Lisa at a Funeral by Lauren Cervenak

The last time I saw you, you were waving from the living room window, while the TV flashed light into 9:30pm darkness. Your bed had been moved to the living room and dad had walked with you to the bathroom, afraid you would fall again. Too stubborn to move out. Now, all that’s left of you is in this ceramic urn sitting on a small table by the pulpit. 

I glance to the right. Aunt Claudia came with Aunt Ramona in Claudia’s Honda Civic. Claudia is next to her husband Jerry, Ramona is on the other side of her. Uncle Rogelio is standing next to his wife Sonora and Izzie, their youngest daughter. Rosemarie, Arthur, and Marty, grandpa’s chess buddies from the park are three pews behind us. Grandma is here; both of them never remarried after the divorce. Almost everyone else just came to nod their heads and frown and eat street tacos with lime juice and salsa verde. 

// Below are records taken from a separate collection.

(* Let $A$ be a unital $\mathrm{C}^*$-algebra containing a closed two-sided ideal $J$ and an operator system $X$. (i) If $\Pi:\mathcal{B}(X,J)\to B(H)$ is a unital $*$-representation annihilating $\mathbb{M}_2(J)$, then there is a unique $*$-representation $\pi:\mathrm{C}^*(X)+J\to B(H)$ annihilating $J$ such that the pair $(\Pi,\pi)$ is $(X,J)$-adapted. (ii) If $\pi:\mathrm{C}^*(X)+J\to B(H)$ is a unital $*$-representation annihilating $J$, then there is a unique unital $*$-representation $\Pi:\mathcal{B}(X,J)\to B(H)$ annihilating $\mathbb{M}_2(J)$ such that the pair $(\Pi,\pi)$ is $(X,J)$-adapted.
   Context: An operator system is a norm-closed self-adjoint subspace containing the unit; $\mathrm{C}^*(X)$ is the $\mathrm{C}^*$-subalgebra of $A$ generated by $X$. $\mathcal{S}(X,J)\subset\mathbb{M}_2(A)$ is the operator system of matrices $\begin{bmatrix} x & j\\ k & b\end{bmatrix}$ with $x\in X$, $j,k\in J$, $b\in J+\mathbb{C}1$; $\mathcal{B}(X,J)$ is the $\mathrm{C}^*$-algebra it generates in $\mathbb{M}_2(A)$, and it consists exactly of matrices $\begin{bmatrix} a & b\\ c & d\end{bmatrix}$ with $a\in\mathrm{C}^*(X)+J$, $b,c\in J$, $d\in J+\mathbb{C}1$. Let $\chi:J+\mathbb{C}1\to\mathbb{C}$ be the quotient map by $J$ ($\chi(j+\lambda1)=\lambda$). For $*$-representations $\Pi:\mathcal{B}(X,J)\to B(H)$ and $\pi:\mathrm{C}^*(X)+J\to B(H)$, the pair $(\Pi,\pi)$ is $(X,J)$-adapted if $\Pi\left(\begin{bmatrix} a & b\\ c& d\end{bmatrix}\right)-\chi(d)1=\pi(a-\chi(d)1)$ for every $\begin{bmatrix} a & b\\ c& d\end{bmatrix}\in\mathcal{B}(X,J)$. *)

theory Defs
  imports "HOL-Analysis.Analysis"
begin

class cstar_algebra = real_normed_algebra_1 + banach +
  fixes ascale :: "complex \<Rightarrow> 'a \<Rightarrow> 'a"
    and astar :: "'a \<Rightarrow> 'a"
  assumes ascale_add_right: "ascale z (x + y) = ascale z x + ascale z y"
    and ascale_add_left: "ascale (z + w) x = ascale z x + ascale w x"
    and ascale_ascale: "ascale z (ascale w x) = ascale (z * w) x"
    and ascale_of_real: "ascale (complex_of_real r) x = scaleR r x"
    and ascale_mult_left: "ascale z (x * y) = ascale z x * y"
    and ascale_mult_right: "ascale z (x * y) = x * ascale z y"
    and norm_ascale: "norm (ascale z x) = cmod z * norm x"
    and astar_astar: "astar (astar x) = x"
    and astar_add: "astar (x + y) = astar x + astar y"
    and astar_ascale: "astar (ascale z x) = ascale (cnj z) (astar x)"
    and astar_mult: "astar (x * y) = astar y * astar x"
    and cstar_identity: "norm (astar x * x) = (norm x)^2"

class complex_hilbert = ab_group_add +
  fixes hscale :: "complex \<Rightarrow> 'a \<Rightarrow> 'a"
    and hinner :: "'a \<Rightarrow> 'a \<Rightarrow> complex"
  assumes hscale_add_right: "hscale z (x + y) = hscale z x + hscale z y"
    and hscale_add_left: "hscale (z + w) x = hscale z x + hscale w x"
    and hscale_hscale: "hscale z (hscale w x) = hscale (z * w) x"
    and hscale_one: "hscale 1 x = x"
    and hinner_add_left: "hinner (x + y) u = hinner x u + hinner y u"
    and hinner_scale_left: "hinner (hscale z x) u = z * hinner x u"
    and hinner_sym: "hinner u x = cnj (hinner x u)"
    and hinner_nonneg: "0 \<le> Re (hinner x x)"
    and hinner_definite: "hinner x x = 0 \<Longrightarrow> x = 0"
    and hilbert_complete:
      "(\<forall>e>0. \<exists>N. \<forall>m\<ge>N. \<forall>n\<ge>N. sqrt (Re (hinner (s m - s n) (s m - s n))) < e)
        \<Longrightarrow> \<exists>l. (\<lambda>n. sqrt (Re (hinner (s n - l) (s n - l)))) \<longlonglongrightarrow> 0"

definition hnorm :: "'h::complex_hilbert \<Rightarrow> real" where
  "hnorm x = sqrt (Re (hinner x x))"

definition BH :: "('h::complex_hilbert \<Rightarrow> 'h) set" where
  "BH = {T. (\<forall>x y. T (x + y) = T x + T y) \<and> (\<forall>z x. T (hscale z x) = hscale z (T x))
           \<and> (\<exists>K. \<forall>x. hnorm (T x) \<le> K * hnorm x)}"

definition hadj :: "('h::complex_hilbert \<Rightarrow> 'h) \<Rightarrow> ('h \<Rightarrow> 'h)" where
  "hadj T = (SOME S. \<forall>x y. hinner (T x) y = hinner x (S y))"

definition star_rep_on ::
  "'b set \<Rightarrow> ('b \<Rightarrow> 'b \<Rightarrow> 'b) \<Rightarrow> ('b \<Rightarrow> 'b \<Rightarrow> 'b) \<Rightarrow> (complex \<Rightarrow> 'b \<Rightarrow> 'b)
     \<Rightarrow> ('b \<Rightarrow> 'b) \<Rightarrow> ('b \<Rightarrow> 'h::complex_hilbert \<Rightarrow> 'h) \<Rightarrow> bool" where
  "star_rep_on D add mul sc st pi_rep \<longleftrightarrow>
     (\<forall>a\<in>D. pi_rep a \<in> BH) \<and>
     (\<forall>a\<in>D. \<forall>b\<in>D. pi_rep (add a b) = (\<lambda>h. pi_rep a h + pi_rep b h)) \<and>
     (\<forall>a\<in>D. \<forall>b\<in>D. pi_rep (mul a b) = pi_rep a \<circ> pi_rep b) \<and>
     (\<forall>z. \<forall>a\<in>D. pi_rep (sc z a) = (\<lambda>h. hscale z (pi_rep a h))) \<and>
     (\<forall>a\<in>D. pi_rep (st a) = hadj (pi_rep a))"

definition csubspace :: "'a::cstar_algebra set \<Rightarrow> bool" where
  "csubspace S \<longleftrightarrow> 0 \<in> S \<and> (\<forall>x\<in>S. \<forall>y\<in>S. x + y \<in> S) \<and> (\<forall>z. \<forall>x\<in>S. ascale z x \<in> S)"

definition operator_system :: "'a::cstar_algebra set \<Rightarrow> bool" where
  "operator_system X \<longleftrightarrow> csubspace X \<and> closed X \<and> (\<forall>x\<in>X. astar x \<in> X) \<and> 1 \<in> X"

definition closed_ideal :: "'a::cstar_algebra set \<Rightarrow> bool" where
  "closed_ideal J \<longleftrightarrow> csubspace J \<and> closed J \<and> (\<forall>a. \<forall>j\<in>J. a * j \<in> J \<and> j * a \<in> J)"

definition cstar_subalgebra :: "'a::cstar_algebra set \<Rightarrow> bool" where
  "cstar_subalgebra B \<longleftrightarrow> csubspace B \<and> closed B \<and> (\<forall>x\<in>B. astar x \<in> B)
     \<and> (\<forall>x\<in>B. \<forall>y\<in>B. x * y \<in> B)"

definition cstar_gen :: "'a::cstar_algebra set \<Rightarrow> 'a set" where
  "cstar_gen X = \<Inter>{B. X \<subseteq> B \<and> cstar_subalgebra B}"

definition sum_set :: "'a::cstar_algebra set \<Rightarrow> 'a set \<Rightarrow> 'a set" where
  "sum_set S T = {s + t | s t. s \<in> S \<and> t \<in> T}"

definition unitization_set :: "'a::cstar_algebra set \<Rightarrow> 'a set" where
  "unitization_set J = {j + ascale c 1 | j c. j \<in> J}"

definition chi :: "'a::cstar_algebra set \<Rightarrow> 'a \<Rightarrow> complex" where
  "chi J d = (SOME c. d - ascale c 1 \<in> J)"

datatype 'a mat2 = M2 'a 'a 'a 'a

fun m2add :: "'a::cstar_algebra mat2 \<Rightarrow> 'a mat2 \<Rightarrow> 'a mat2" where
  "m2add (M2 a b c d) (M2 a' b' c' d') = M2 (a + a') (b + b') (c + c') (d + d')"

fun m2mult :: "'a::cstar_algebra mat2 \<Rightarrow> 'a mat2 \<Rightarrow> 'a mat2" where
  "m2mult (M2 a b c d) (M2 a' b' c' d') =
     M2 (a * a' + b * c') (a * b' + b * d') (c * a' + d * c') (c * b' + d * d')"

fun m2scale :: "complex \<Rightarrow> 'a::cstar_algebra mat2 \<Rightarrow> 'a mat2" where
  "m2scale z (M2 a b c d) = M2 (ascale z a) (ascale z b) (ascale z c) (ascale z d)"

And then I look to my left and see Bart’s fucking bleached hair. It looks so tacky, because he didn’t do it right. Christ, why would he bleach his hair? It looks like shit. I mean just because the entire water polo team did it doesn’t mean he had to. 

Mom reaches for my hand and touches the scar on my wrist from when I tried cooking veggie patties in the oven two weeks ago. She mouths “What’s this?” And I mouth “oven.” Dieting, dieting, dieting. I moved to Ohio, where people don’t care as much, but I still want to lose the twenty pounds. But, now I’m back in southern California for my grandfather’s funeral. I can hear Claudia and Ramona whisper between Cousin Marshall’s speech. Marshall is Grandpa’s brother, who is two years younger and is wearing a blue polo shirt, because Grandpa didn’t want people to wear black. Claudia and Ramona are talking about how I’ve gotten fat and saying it’s because of the pandemic, it’s because I quit the swim team, or that I’m depressed because Marcus broke up with me. Well yeah, I’m upset. I mean I am at a funeral and by the way, Marcus, besides being an ass, was not a good conversationalist. 

My mind is drifting, but Jennifer, Clarissa, Jasmine, Michael, Geraldo, Sophia, Mimi, and Tomás are all spread out across the country, and so the only grandkids that are here are Izzie, Bart, and me. Bart’s real name is Orville. Bart, because we used to watch The Simpsons with Grandpa when we were younger and mom and dad had work. Grandpa would sit in his armchair grunting, motioning with his eyes and neck for us to pass the m&ms from the coffee table, while Bart and I sat on the rug. Now, the rug has been rolled up and the m&ms replaced with cacahuates. And Grandpa is just as dead as Bart’s hair.